Items from a dataset:
lemma AE_bounded_imp_finite_tail_approx_set:
  fixes K :: real
  assumes m: "m \<ge> 1" and \<Phi>: "\<And>t. \<Phi> t > 0" and \<Phi>_le_1: "\<And>t. t \<ge> 1 \<Longrightarrow> \<Phi> t \<le> 1"
    and lim: "Liminf sequentially (\<lambda>t. ereal (- ln (\<Phi> t) / ln (real t)))
                > ereal ((real n + 1) / real m)"
    and K: "K \<ge> 0"
  shows "AE U in PiM ({..<m} \<times> {..<n - 1}) (\<lambda>_. lborel).
           (\<forall>k\<in>{..<m} \<times> {..<n - 1}. \<bar>U k\<bar> \<le> K) \<longrightarrow>
           finite {x \<in> approx_set m n \<Phi> (ext_col a U). snd x \<notin> intvecs 1}"
proof -
  let ?M = "PiM ({..<m} \<times> {..<n - 1}) (\<lambda>_. lborel :: real measure)"
  define C where "C = (2 * K) ^ (m * (n - 1) - m) * ((2 * K + 3) * 2) ^ m"
  have C: "C \<ge> 0" using K by (simp add: C_def)
  have shell_le:
    "emeasure ?M (shell_event m n a K \<Phi> t) \<le> ennreal (C * ((2 * real t + 1) ^ n * \<Phi> t ^ m))" for t
  proof (cases "t = 0")
    case False
    then have "emeasure ?M (shell_event m n a K \<Phi> t)
            \<le> ennreal ((2 * real t + 1) ^ n *
                     ((2 * K) ^ (m * (n - 1) - m) * ((2 * K + 3) * (2 * \<Phi> t)) ^ m))"
      using \<Phi>[of t] \<Phi>_le_1[of t] by (intro emeasure_shell_event_le K) auto
    also have "\<dots> = ennreal (C * ((2 * real t + 1) ^ n * \<Phi> t ^ m))"
      by (simp add: C_def power_mult_distrib mult_ac)
    finally show ?thesis .
  qed (simp add: shell_event_0)
  have "AE U in ?M. eventually (\<lambda>t. U \<notin> shell_event m n a K \<Phi> t) sequentially"
  proof (rule AE_eventually_not_in_if_summable[OF sets_shell_event shell_le])
    show "summable (\<lambda>t. C * ((2 * real t + 1) ^ n * \<Phi> t ^ m))"
      by (intro summable_mult summable_shell_count_mult_power[OF m \<Phi> lim])
  qed (use C \<Phi> in \<open>simp add: less_imp_le\<close>)
  then show ?thesis
    using AE_space
  proof eventually_elim
    case (elim U)
    then obtain T where "\<And>t. t \<ge> T \<Longrightarrow> U \<notin> shell_event m n a K \<Phi> t"
      by (auto simp: eventually_sequentially)
    with elim(2) show ?case
      by (blast intro: finite_tail_approx_set_if_not_in_shell_events)
  qed
qed

lemma AE_finite_tail_approx_set:
  assumes m: "m \<ge> 1" and \<Phi>: "\<And>t. \<Phi> t > 0" and \<Phi>_le_1: "\<And>t. t \<ge> 1 \<Longrightarrow> \<Phi> t \<le> 1"
    and lim: "Liminf sequentially (\<lambda>t. ereal (- ln (\<Phi> t) / ln (real t)))
                > ereal ((real n + 1) / real m)"
  shows "AE U in PiM ({..<m} \<times> {..<n - 1}) (\<lambda>_. lborel).
           finite {x \<in> approx_set m n \<Phi> (ext_col a U). snd x \<notin> intvecs 1}"
proof -
  let ?I = "{..<m} \<times> {..<n - 1}"
  have "AE U in PiM ?I (\<lambda>_. lborel). \<forall>K::nat. (\<forall>k\<in>?I. \<bar>U k\<bar> \<le> real K) \<longrightarrow>
          finite {x \<in> approx_set m n \<Phi> (ext_col a U). snd x \<notin> intvecs 1}"
    unfolding AE_all_countable
    using AE_bounded_imp_finite_tail_approx_set[OF m \<Phi> \<Phi>_le_1 lim of_nat_0_le_iff] ..
  then show ?thesis
  proof (rule AE_mp, intro AE_I2 impI)
    fix U assume all_K: "\<forall>K::nat. (\<forall>k\<in>?I. \<bar>U k\<bar> \<le> real K) \<longrightarrow>
                           finite {x \<in> approx_set m n \<Phi> (ext_col a U). snd x \<notin> intvecs 1}"
    define K where "K = nat \<lceil>\<Sum>k\<in>?I. \<bar>U k\<bar>\<rceil>"
    have "\<bar>U k\<bar> \<le> real K" if "k \<in> ?I" for k
    proof -
      have "\<bar>U k\<bar> \<le> (\<Sum>k\<in>?I. \<bar>U k\<bar>)"
        using that by (intro member_le_sum) auto
      then show ?thesis unfolding K_def by linarith
    qed
    then show "finite {x \<in> approx_set m n \<Phi> (ext_col a U). snd x \<notin> intvecs 1}"
      using all_K by blast
  qed
qed

theorem lemma5p2:
  fixes m n :: nat and \<Phi> :: "nat \<Rightarrow> real" and a :: "nat \<Rightarrow> real"
  assumes "m \<ge> 1" and "n \<ge> 1"
    and "\<And>t. \<Phi> t > 0"
    and "\<And>t. t \<ge> 1 \<Longrightarrow> \<Phi> t \<le> real t powr (- (real n / real m))"
    and "Liminf sequentially (\<lambda>t. ereal (- ln (\<Phi> t) / ln (real t)))
           > ereal (real (max (n + 1) (m + 2)) / real m)"
    and "(\<lambda>i j. a i) \<in> Exact m 1 \<Phi>"
  shows "AE U in PiM ({..<m} \<times> {..<n - 1}) (\<lambda>_. lborel).
           (\<lambda>i j. if j = 0 then a i else U (i, j - 1)) \<in> Exact m n \<Phi>"
proof -
  have \<Phi>_le_1: "\<Phi> t \<le> 1" if "t \<ge> 1" for t
  proof -
    have "real t powr (- (real n / real m)) \<le> 1"
      using that by (simp add: powr_minus inverse_le_1_iff ge_one_powr_ge_zero)
    then show ?thesis using assms(4)[OF that] by linarith
  qed
  have "ereal ((real n + 1) / real m) \<le> ereal (real (max (n + 1) (m + 2)) / real m)"
    by (simp add: divide_right_mono)
  then have lim: "Liminf sequentially (\<lambda>t. ereal (- ln (\<Phi> t) / ln (real t)))
                    > ereal ((real n + 1) / real m)"
    using assms(5) by (rule le_less_trans)
  have "AE U in PiM ({..<m} \<times> {..<n - 1}) (\<lambda>_. lborel).
          finite {x \<in> approx_set m n \<Phi> (ext_col a U). snd x \<notin> intvecs 1}"
    by (rule AE_finite_tail_approx_set[OF assms(1,3) \<Phi>_le_1 lim])
  then show ?thesis
  proof (rule AE_mp, intro AE_I2 impI)
    fix U assume "finite {x \<in> approx_set m n \<Phi> (ext_col a U). snd x \<notin> intvecs 1}"
    then have "ext_col a U \<in> Exact m n \<Phi>"
      by (rule ext_col_in_Exact[OF assms(2,3,6)])
    then show "(\<lambda>i j. if j = 0 then a i else U (i, j - 1)) \<in> Exact m n \<Phi>"
      by (simp add: ext_col_def)
  qed
qed

end
theorem theorem1:
  fixes p :: real and A :: "'a::euclidean_space set"
  assumes "0 < p" and "p < 1"
  shows "(\<forall>x\<in>p_conv p A. x \<noteq> 0 \<longrightarrow>
            (\<exists>S. finite S \<and> S \<subseteq> A \<and> independent S \<and> card S \<le> DIM('a)
                 \<and> x \<in> p_conv p S))
       \<and> (0 \<in> p_conv p A \<longrightarrow>
            (\<exists>S. finite S \<and> S \<subseteq> A \<and> card S \<le> DIM('a) + 1
                 \<and> 0 \<in> p_conv p S))"
proof -
  have p: "0 < p" "p \<le> 1" using assms by simp_all
  have minimal: "\<exists>I l. I \<subseteq> A \<and> I \<noteq> {} \<and> p_comb p I l x \<and> (\<forall>i\<in>I. 0 < l i)
      \<and> (x \<noteq> 0 \<longrightarrow> independent I) \<and> \<not> affine_dependent I" if "x \<in> p_conv p A" for x
    by (rule p_conv_imp_p_comb[OF p that], rule minimal_p_comb[OF p]) blast+
  show ?thesis
  proof (intro conjI ballI impI)
    fix x assume "x \<in> p_conv p A" "x \<noteq> 0"
    with minimal obtain I l where I: "I \<subseteq> A" "I \<noteq> {}" "p_comb p I l x" "\<forall>i\<in>I. 0 < l i"
      and "independent I" by blast
    moreover have "x \<in> p_conv p I" using p_comb_in_p_conv[OF assms I(3,2,4)] .
    ultimately show "\<exists>S. finite S \<and> S \<subseteq> A \<and> independent S \<and> card S \<le> DIM('a) \<and> x \<in> p_conv p S"
      using independent_bound by blast
  next
    assume "0 \<in> p_conv p A"
    with minimal obtain I l where I: "I \<subseteq> A" "I \<noteq> {}" "p_comb p I l 0" "\<forall>i\<in>I. 0 < l i"
      and "\<not> affine_dependent I" by blast
    moreover have "finite I" using I(3) by (simp add: p_comb_def)
    ultimately have "card I \<le> DIM('a) + 1"
      using affine_dependent_biggerset[of I] by linarith
    moreover have "0 \<in> p_conv p I" using p_comb_in_p_conv[OF assms I(3,2,4)] .
    ultimately show "\<exists>S. finite S \<and> S \<subseteq> A \<and> card S \<le> DIM('a) + 1 \<and> 0 \<in> p_conv p S"
      using I(1) \<open>finite I\<close> by blast
  qed
qed
lemma sin_moment_ode_antiderivative:
  fixes c r :: real
  assumes "c < 1"
  shows "((\<lambda>u. sin u ^ (2 * k + 1) * cos u * (1 - c * sin u ^ 2) powr (r - 1)) has_real_derivative
      (2 * real k + 1) * (sin u ^ (2 * k) * (1 - c * sin u ^ 2) powr r)
      - (2 * real k + 2 - (2 * real k + 3 - 2 * r) * c)
          * (sin u ^ (2 * (k + 1)) * (1 - c * sin u ^ 2) powr (r - 1))
      + 2 * (r - 1) * c * (1 - c) * (sin u ^ (2 * (k + 2)) * (1 - c * sin u ^ 2) powr (r - 2))) (at u)"
proof -
  define s where "s = sin u"
  define A where "A = s ^ (2 * k)"
  define Q where "Q = 1 - c * s\<^sup>2"
  define P where "P = Q powr (r - 2)"
  have "0 < Q" using mult_sin_square_less_one[OF assms] by (simp add: Q_def s_def)
  moreover have "Q powr (r - 1) = Q powr 1 * P" "Q powr r = Q powr 2 * P"
    unfolding P_def by (subst powr_add[symmetric], simp)+
  ultimately have powrs: "Q powr (r - 1) = Q * P" "Q powr r = Q\<^sup>2 * P"
    by (simp_all add: powr_numeral del: powr_one_gt_zero_iff)
  have cos: "cos u ^ 2 = 1 - s\<^sup>2" by (simp add: s_def cos_squared_eq)
  have dQ: "((\<lambda>u. 1 - c * sin u ^ 2) has_real_derivative - (2 * c * s * cos u)) (at u)"
    by (auto intro!: derivative_eq_intros simp: s_def)
  show ?thesis
    apply (rule DERIV_cong[OF DERIV_mult[OF DERIV_mult[OF DERIV_power[OF DERIV_sin] DERIV_cos]
        DERIV_fun_powr[OF dQ]]])
    subgoal using \<open>0 < Q\<close> by (simp add: Q_def s_def)
    apply (simp flip: s_def)
    apply (simp only: flip: A_def Q_def P_def)
    apply (simp only: powrs)
    using cos unfolding Q_def by algebra
qed

text \<open>Since \<open>sin_moment (k + 1) (r - 1)\<close> and \<open>sin_moment (k + 2) (r - 2)\<close> are multiples of
  the first and second derivatives of \<open>sin_moment k r\<close>, this is the hypergeometric equation
  satisfied by \<open>sin_moment k r\<close>, a multiple of \<open>\<^sub>2F\<^sub>1(-r, k + 1/2; k + 1; c)\<close>.\<close>

lemma sin_moment_ode:
  assumes "c < 1"
  shows "(2 * real k + 1) * sin_moment k r c
    - (2 * real k + 2 - (2 * real k + 3 - 2 * r) * c) * sin_moment (k + 1) (r - 1) c
    + 2 * (r - 1) * c * (1 - c) * sin_moment (k + 2) (r - 2) c = 0"
proof -
  let ?F = "\<lambda>u. sin u ^ (2 * k + 1) * cos u * (1 - c * sin u ^ 2) powr (r - 1)"
  let ?f = "\<lambda>u. (2 * real k + 1) * (sin u ^ (2 * k) * (1 - c * sin u ^ 2) powr r)
      - (2 * real k + 2 - (2 * real k + 3 - 2 * r) * c)
          * (sin u ^ (2 * (k + 1)) * (1 - c * sin u ^ 2) powr (r - 1))
      + 2 * (r - 1) * c * (1 - c) * (sin u ^ (2 * (k + 2)) * (1 - c * sin u ^ 2) powr (r - 2))"
  have "(?f has_integral ?F (pi/2) - ?F 0) {0..pi/2}"
  proof (rule fundamental_theorem_of_calculus)
    fix u
    show "(?F has_vector_derivative ?f u) (at u within {0..pi/2})"
      using sin_moment_ode_antiderivative[OF assms, of k r u]
      unfolding has_real_derivative_iff_has_vector_derivative[symmetric]
      by (rule has_field_derivative_at_within)
  qed simp
  then have "(?f has_integral 0) {0..pi/2}" by simp
  moreover have "(?f has_integral (2 * real k + 1) * sin_moment k r c
      - (2 * real k + 2 - (2 * real k + 3 - 2 * r) * c) * sin_moment (k + 1) (r - 1) c
      + 2 * (r - 1) * c * (1 - c) * sin_moment (k + 2) (r - 2) c) {0..pi/2}"
    by (intro has_integral_add has_integral_diff has_integral_mult_right sin_moment_has_integral assms)
  ultimately show ?thesis
    by (intro has_integral_unique[of ?f _ "{0..pi/2}"])
qed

§ **WHAT IS EXPECTED**
Take the line holding "by (rule has_field_derivative_at_within)" and the lines after it through the end of the entries. Retype them exactly and add nothing.

§ **RESPONSE TO THIS TASK**
      by (rule has_field_derivative_at_within)
  qed simp
  then have "(?f has_integral 0) {0..pi/2}" by simp
  moreover have "(?f has_integral (2 * real k + 1) * sin_moment k r c
      - (2 * real k + 2 - (2 * real k + 3 - 2 * r) * c) * sin_moment (k + 1) (r - 1) c
      + 2 * (r - 1) * c * (1 - c) * sin_moment (k + 2) (r - 2) c) {0..pi/2}"
    by (intro has_integral_add has_integral_diff has_integral_mult_right sin_moment_has_integral assms)
  ultimately show ?thesis
    by (intro has_integral_unique[of ?f _ "{0..pi/2}"])
qed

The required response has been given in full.